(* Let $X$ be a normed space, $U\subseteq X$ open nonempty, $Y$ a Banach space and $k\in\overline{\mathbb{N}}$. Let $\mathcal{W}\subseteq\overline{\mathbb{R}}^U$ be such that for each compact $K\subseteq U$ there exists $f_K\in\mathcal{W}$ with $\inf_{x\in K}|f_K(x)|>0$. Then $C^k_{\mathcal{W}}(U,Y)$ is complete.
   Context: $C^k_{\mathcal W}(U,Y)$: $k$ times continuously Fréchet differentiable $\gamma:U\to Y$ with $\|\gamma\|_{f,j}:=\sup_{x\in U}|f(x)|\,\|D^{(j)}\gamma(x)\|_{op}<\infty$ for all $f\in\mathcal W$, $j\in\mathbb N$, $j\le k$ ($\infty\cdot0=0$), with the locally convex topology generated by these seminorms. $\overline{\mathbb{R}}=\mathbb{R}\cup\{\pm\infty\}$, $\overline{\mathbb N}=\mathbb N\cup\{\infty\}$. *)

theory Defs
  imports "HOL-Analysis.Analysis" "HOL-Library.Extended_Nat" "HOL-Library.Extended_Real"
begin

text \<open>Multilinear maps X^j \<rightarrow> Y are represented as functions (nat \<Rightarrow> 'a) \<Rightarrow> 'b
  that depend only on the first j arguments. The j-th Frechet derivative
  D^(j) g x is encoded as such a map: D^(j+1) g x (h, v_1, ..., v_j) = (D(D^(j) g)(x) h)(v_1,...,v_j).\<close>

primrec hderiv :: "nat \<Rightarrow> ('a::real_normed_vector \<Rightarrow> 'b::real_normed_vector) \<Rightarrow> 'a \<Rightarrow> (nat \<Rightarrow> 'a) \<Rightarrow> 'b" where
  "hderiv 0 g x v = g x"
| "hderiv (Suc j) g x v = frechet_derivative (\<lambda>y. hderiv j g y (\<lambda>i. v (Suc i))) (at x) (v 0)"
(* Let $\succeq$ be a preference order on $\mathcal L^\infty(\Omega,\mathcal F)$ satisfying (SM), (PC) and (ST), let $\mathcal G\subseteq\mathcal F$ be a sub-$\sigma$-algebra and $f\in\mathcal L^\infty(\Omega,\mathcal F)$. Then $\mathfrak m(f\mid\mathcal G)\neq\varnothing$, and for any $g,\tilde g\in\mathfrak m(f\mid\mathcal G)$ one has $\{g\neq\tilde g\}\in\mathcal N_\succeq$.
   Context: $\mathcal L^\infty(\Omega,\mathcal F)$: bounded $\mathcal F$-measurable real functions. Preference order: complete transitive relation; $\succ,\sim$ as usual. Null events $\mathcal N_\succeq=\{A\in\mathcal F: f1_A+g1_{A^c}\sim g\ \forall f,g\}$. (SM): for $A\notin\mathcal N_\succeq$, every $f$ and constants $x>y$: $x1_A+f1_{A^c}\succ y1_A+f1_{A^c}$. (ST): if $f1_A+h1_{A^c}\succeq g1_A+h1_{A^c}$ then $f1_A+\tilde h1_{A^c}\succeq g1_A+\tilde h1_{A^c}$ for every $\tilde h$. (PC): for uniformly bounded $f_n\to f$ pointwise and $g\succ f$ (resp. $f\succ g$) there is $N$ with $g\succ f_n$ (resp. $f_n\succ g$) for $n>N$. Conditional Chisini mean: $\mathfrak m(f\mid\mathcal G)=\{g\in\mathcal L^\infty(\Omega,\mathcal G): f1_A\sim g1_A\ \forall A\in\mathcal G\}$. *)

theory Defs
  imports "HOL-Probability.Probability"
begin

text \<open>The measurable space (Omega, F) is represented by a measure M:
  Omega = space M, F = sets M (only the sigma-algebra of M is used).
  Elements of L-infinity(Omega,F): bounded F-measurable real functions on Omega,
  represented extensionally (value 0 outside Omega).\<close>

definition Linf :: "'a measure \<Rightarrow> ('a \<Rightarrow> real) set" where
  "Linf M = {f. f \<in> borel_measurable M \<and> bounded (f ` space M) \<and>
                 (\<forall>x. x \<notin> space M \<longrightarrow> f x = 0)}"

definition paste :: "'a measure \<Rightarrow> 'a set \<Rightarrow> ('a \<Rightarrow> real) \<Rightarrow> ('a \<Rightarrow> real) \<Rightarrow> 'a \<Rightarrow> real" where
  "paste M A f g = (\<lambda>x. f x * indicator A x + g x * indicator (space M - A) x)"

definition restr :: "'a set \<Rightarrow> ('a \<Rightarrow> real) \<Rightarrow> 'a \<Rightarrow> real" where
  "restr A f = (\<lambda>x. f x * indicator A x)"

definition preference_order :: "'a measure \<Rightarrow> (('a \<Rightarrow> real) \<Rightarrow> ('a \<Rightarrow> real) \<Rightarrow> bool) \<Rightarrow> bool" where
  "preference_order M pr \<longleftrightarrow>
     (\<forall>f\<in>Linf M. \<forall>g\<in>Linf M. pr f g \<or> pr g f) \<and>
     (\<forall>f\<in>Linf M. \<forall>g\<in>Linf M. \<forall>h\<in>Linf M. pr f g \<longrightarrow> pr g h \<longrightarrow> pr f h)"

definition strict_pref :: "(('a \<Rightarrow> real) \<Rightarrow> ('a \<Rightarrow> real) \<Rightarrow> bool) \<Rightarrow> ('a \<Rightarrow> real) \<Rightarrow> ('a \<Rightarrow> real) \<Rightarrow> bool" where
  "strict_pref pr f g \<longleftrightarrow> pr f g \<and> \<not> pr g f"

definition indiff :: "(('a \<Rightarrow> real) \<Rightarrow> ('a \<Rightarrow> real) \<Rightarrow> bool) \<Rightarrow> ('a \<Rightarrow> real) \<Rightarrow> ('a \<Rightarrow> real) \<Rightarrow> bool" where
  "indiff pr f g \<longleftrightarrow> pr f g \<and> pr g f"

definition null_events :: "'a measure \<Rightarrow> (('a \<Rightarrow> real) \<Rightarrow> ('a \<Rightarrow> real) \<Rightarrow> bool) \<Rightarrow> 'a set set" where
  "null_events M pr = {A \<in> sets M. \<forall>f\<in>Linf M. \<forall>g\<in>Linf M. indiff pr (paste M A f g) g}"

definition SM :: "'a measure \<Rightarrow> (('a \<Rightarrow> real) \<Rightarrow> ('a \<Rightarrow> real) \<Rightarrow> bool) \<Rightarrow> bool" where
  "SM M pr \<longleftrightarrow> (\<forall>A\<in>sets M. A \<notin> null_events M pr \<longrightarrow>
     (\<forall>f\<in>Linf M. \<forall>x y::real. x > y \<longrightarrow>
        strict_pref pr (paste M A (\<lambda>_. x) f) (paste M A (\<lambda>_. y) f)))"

== Exercise brief ==
For the span from the line containing "(\<forall>f\<in>Linf M. \<forall>x" through the last line of the entries above, transcribe each line exactly and leave out everything else.

== Solution for this task ==
     (\<forall>f\<in>Linf M. \<forall>x y::real. x > y \<longrightarrow>
        strict_pref pr (paste M A (\<lambda>_. x) f) (paste M A (\<lambda>_. y) f)))"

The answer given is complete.